(Beginning of EXERCISE MATERIALS)

text \<open>Multiplicity = (complex) dimension of the eigenspace, \<infinity> if infinite-dimensional.\<close>
definition multiplicity :: "('a::complex_normed_vector, 'a) linop \<Rightarrow> complex \<Rightarrow> enat" where
  "multiplicity A \<mu> =
     (SUP S \<in> {S. finite S \<and> S \<subseteq> eigenspace A \<mu> \<and> c_independent S}. enat (card S))"

definition resolvent_set :: "('a::complex_normed_vector, 'a) linop \<Rightarrow> complex set" where
  "resolvent_set A = {\<mu>. bij_betw (\<lambda>x. app A x - \<mu> *\<^sub>C x) (dom A) UNIV
      \<and> (\<exists>C. \<forall>x\<in>dom A. norm x \<le> C * norm (app A x - \<mu> *\<^sub>C x))}"

definition spectrum :: "('a::complex_normed_vector, 'a) linop \<Rightarrow> complex set" where
  "spectrum A = - resolvent_set A"

definition is_core :: "'b set \<Rightarrow> ('b::complex_normed_vector, 'b) linop \<Rightarrow> bool" where
  "is_core D B \<longleftrightarrow> D \<subseteq> dom B \<and> graph B \<subseteq> closure {(x, app B x) | x. x \<in> D}"

end

theory Submission
  imports Defs
begin

text \<open>Everything but the last inclusion is pure algebra: T maps the eigenspace of A for \<mu>
injectively and linearly into that of B, so eigenvectors, point spectrum and (via images of
independent sets) multiplicities are carried over; if T maps D(A) onto D(B), injectivity pulls
eigenvectors of B back to A. For the last inclusion, let B \<eta> = \<mu> \<eta> with \<eta> \<noteq> 0 and suppose
\<mu> lies in the resolvent set of A. Since T D(A) is a core, there are x_n in D(A) with
T x_n \<rightarrow> \<eta> and B T x_n \<rightarrow> \<mu> \<eta>, hence T (A - \<mu>) x_n = (B - \<mu>) T x_n \<rightarrow> 0. Boundedness of
the inverse of T and of the resolvent give x_n \<rightarrow> 0, and closedness of T forces \<eta> = 0.\<close>

lemma scaleC_zero_left [simp]: "(0::complex) *\<^sub>C (x::'a::complex_normed_vector) = 0"
  using scaleC_of_real[of 0 x] by simp

lemma scaleC_minus_one: "(-1::complex) *\<^sub>C (x::'a::complex_normed_vector) = - x"
  using scaleC_of_real[of "-1" x] by simp

lemma bounded_linear_scaleC: "bounded_linear (\<lambda>x::'a::complex_normed_vector. a *\<^sub>C x)"
proof (rule bounded_linear_intro[where K = "cmod a"])
  fix r and x :: 'a
  have "a *\<^sub>C (r *\<^sub>R x) = (complex_of_real r * a) *\<^sub>C x"
    by (simp flip: scaleC_of_real add: scaleC_scaleC mult.commute)
  then show "a *\<^sub>C (r *\<^sub>R x) = r *\<^sub>R (a *\<^sub>C x)"
    by (simp flip: scaleC_of_real add: scaleC_scaleC)
qed (simp_all add: scaleC_add_right norm_scaleC mult.commute)

lemma is_linop_zero: "is_linop T \<Longrightarrow> 0 \<in> dom T"
  unfolding is_linop_def by blast

lemma is_linop_add:
  "is_linop T \<Longrightarrow> x \<in> dom T \<Longrightarrow> y \<in> dom T \<Longrightarrow> x + y \<in> dom T \<and> app T (x + y) = app T x + app T y"
  unfolding is_linop_def by blast

lemma is_linop_scaleC:
  "is_linop T \<Longrightarrow> x \<in> dom T \<Longrightarrow> c *\<^sub>C x \<in> dom T \<and> app T (c *\<^sub>C x) = c *\<^sub>C app T x"
  unfolding is_linop_def by blast

lemma is_linop_app_zero: "is_linop T \<Longrightarrow> app T 0 = 0"
  using is_linop_scaleC[of T 0 0] is_linop_zero[of T] by auto

lemma is_linop_diff:
  "is_linop T \<Longrightarrow> x \<in> dom T \<Longrightarrow> y \<in> dom T \<Longrightarrow> x - y \<in> dom T \<and> app T (x - y) = app T x - app T y"
  using is_linop_add[of T x "(-1) *\<^sub>C y"] is_linop_scaleC[of T y "-1"]
  by (simp add: scaleC_minus_one)

lemma is_linop_sum:
  assumes "is_linop T" "finite S" "S \<subseteq> dom T"
  shows "(\<Sum>v\<in>S. u v *\<^sub>C v) \<in> dom T \<and> app T (\<Sum>v\<in>S. u v *\<^sub>C v) = (\<Sum>v\<in>S. u v *\<^sub>C app T v)"
  using assms(2,3)
proof (induction S rule: finite_induct)
  case empty
  then show ?case using assms(1) by (simp add: is_linop_zero is_linop_app_zero)
next
  case (insert x F)
  then have "u x *\<^sub>C x \<in> dom T" "app T (u x *\<^sub>C x) = u x *\<^sub>C app T x"
    using is_linop_scaleC[OF assms(1)] by auto
  with insert show ?case using is_linop_add[OF assms(1)] by simp
qed

lemma is_linop_app_eq_zero_iff:
  assumes "is_linop T" "inj_on (app T) (dom T)" "x \<in> dom T"
  shows "app T x = 0 \<longleftrightarrow> x = 0"
  using assms is_linop_zero is_linop_app_zero by (metis inj_onD)

lemma c_independent_image:
  assumes T: "is_linop T" "inj_on (app T) (dom T)"
    and S: "finite S" "S \<subseteq> dom T" "c_independent S"
  shows "c_independent (app T ` S)"
  unfolding c_independent_def
proof (intro allI impI)
  fix u assume u: "(\<Sum>w\<in>app T ` S. u w *\<^sub>C w) = 0"
  define x where "x = (\<Sum>v\<in>S. u (app T v) *\<^sub>C v)"
  have x: "x \<in> dom T"
    using is_linop_sum[OF T(1) S(1,2), of "\<lambda>v. u (app T v)"] unfolding x_def by auto
  have "app T x = (\<Sum>v\<in>S. u (app T v) *\<^sub>C app T v)"
    using is_linop_sum[OF T(1) S(1,2), of "\<lambda>v. u (app T v)"] unfolding x_def by auto
  also have "\<dots> = (\<Sum>w\<in>app T ` S. u w *\<^sub>C w)"
    using sum.reindex[OF inj_on_subset[OF T(2) S(2)], of "\<lambda>w. u w *\<^sub>C w"] by simp
  finally have "x = 0"
    using u is_linop_app_eq_zero_iff[OF T x(1)] by simp
  then have "\<forall>v\<in>S. u (app T v) = 0"
    using S(3)[unfolded c_independent_def, rule_format, of "\<lambda>v. u (app T v)"]
    unfolding x_def by blast
  then show "\<forall>w\<in>app T ` S. u w = 0" by blast
qed

lemma closed_graph_limit_zero:
  assumes "is_linop T" "closed (graph T)"
    and "\<And>n. x n \<in> dom T" "x \<longlonglongrightarrow> 0" "(\<lambda>n. app T (x n)) \<longlonglongrightarrow> \<eta>"
  shows "\<eta> = 0"
proof -
  have "(0, \<eta>) \<in> graph T"
    using closed_sequentially[OF assms(2), of "\<lambda>n. (x n, app T (x n))"] assms(3)
      tendsto_Pair[OF assms(4,5)]
    by (auto simp: graph_def)
  then show ?thesis
    using is_linop_app_zero[OF assms(1)] by (auto simp: graph_def)
qed

lemma LIMSEQ_zero_if_norm_le:
  fixes x :: "nat \<Rightarrow> 'a::real_normed_vector" and y :: "nat \<Rightarrow> 'b::real_normed_vector"
  assumes "\<And>n. norm (x n) \<le> C * norm (y n)" "y \<longlonglongrightarrow> 0"
  shows "x \<longlonglongrightarrow> 0"
proof (rule Lim_null_comparison)
  show "\<forall>\<^sub>F n in sequentially. norm (x n) \<le> \<bar>C\<bar> * norm (y n)"
    using assms(1) by (smt (verit) always_eventually mult_right_mono norm_ge_zero)
  show "(\<lambda>n. \<bar>C\<bar> * norm (y n)) \<longlonglongrightarrow> 0"
    using tendsto_mult_right_zero[OF tendsto_norm_zero[OF assms(2)]] by simp
qed

lemma core_approximation:
  assumes "is_core D B" "\<eta> \<in> dom B"
  obtains y where "\<And>n. y n \<in> D" "y \<longlonglongrightarrow> \<eta>" "(\<lambda>n. app B (y n)) \<longlonglongrightarrow> app B \<eta>"
proof -
  have "(\<eta>, app B \<eta>) \<in> closure {(x, app B x) | x. x \<in> D}"
    using assms unfolding is_core_def graph_def by auto
  then obtain s where s: "\<And>n. s n \<in> {(x, app B x) | x. x \<in> D}" "s \<longlonglongrightarrow> (\<eta>, app B \<eta>)"
    unfolding closure_sequential by blast
  have "fst (s n) \<in> D" "snd (s n) = app B (fst (s n))" for n
    using s(1)[of n] by auto
  then show ?thesis
    using that[of "\<lambda>n. fst (s n)"] tendsto_fst[OF s(2)] tendsto_snd[OF s(2)] by simp
qed

lemma intertwining_shift:
  assumes "intertwining T A B" "\<xi> \<in> dom A"
  shows "app A \<xi> - \<mu> *\<^sub>C \<xi> \<in> dom T"
    and "app T (app A \<xi> - \<mu> *\<^sub>C \<xi>) = app B (app T \<xi>) - \<mu> *\<^sub>C app T \<xi>"
proof -
  have T: "is_linop T" and \<xi>: "\<xi> \<in> dom T" "app A \<xi> \<in> dom T"
    using assms unfolding intertwining_def closed_op_def by auto
  show "app A \<xi> - \<mu> *\<^sub>C \<xi> \<in> dom T"
    "app T (app A \<xi> - \<mu> *\<^sub>C \<xi>) = app B (app T \<xi>) - \<mu> *\<^sub>C app T \<xi>"
    using is_linop_diff[OF T \<xi>(2) is_linop_scaleC[OF T \<xi>(1), THEN conjunct1]]
      is_linop_scaleC[OF T \<xi>(1)] assms unfolding intertwining_def by auto
qed

lemma intertwining_eigenspace:
  assumes "intertwining T A B" "\<xi> \<in> eigenspace A \<mu>"
  shows "app T \<xi> \<in> eigenspace B \<mu>"
  using intertwining_shift[OF assms(1), of \<xi> \<mu>] assms
  by (auto simp: eigenspace_def intertwining_def closed_op_def is_linop_app_zero)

(End of EXERCISE MATERIALS)

**PROBLEM REQUIREMENTS:** From the listing above, the lines starting with the one that has "(\<lambda>x::'a::complex_normed_vector. a *\<^sub>C" and running through the one that has "x) = (complex_of_real" should be copied exactly, ends included.

**SOLUTION TO THIS PROBLEM:**
lemma bounded_linear_scaleC: "bounded_linear (\<lambda>x::'a::complex_normed_vector. a *\<^sub>C x)"
proof (rule bounded_linear_intro[where K = "cmod a"])
  fix r and x :: 'a
  have "a *\<^sub>C (r *\<^sub>R x) = (complex_of_real r * a) *\<^sub>C x"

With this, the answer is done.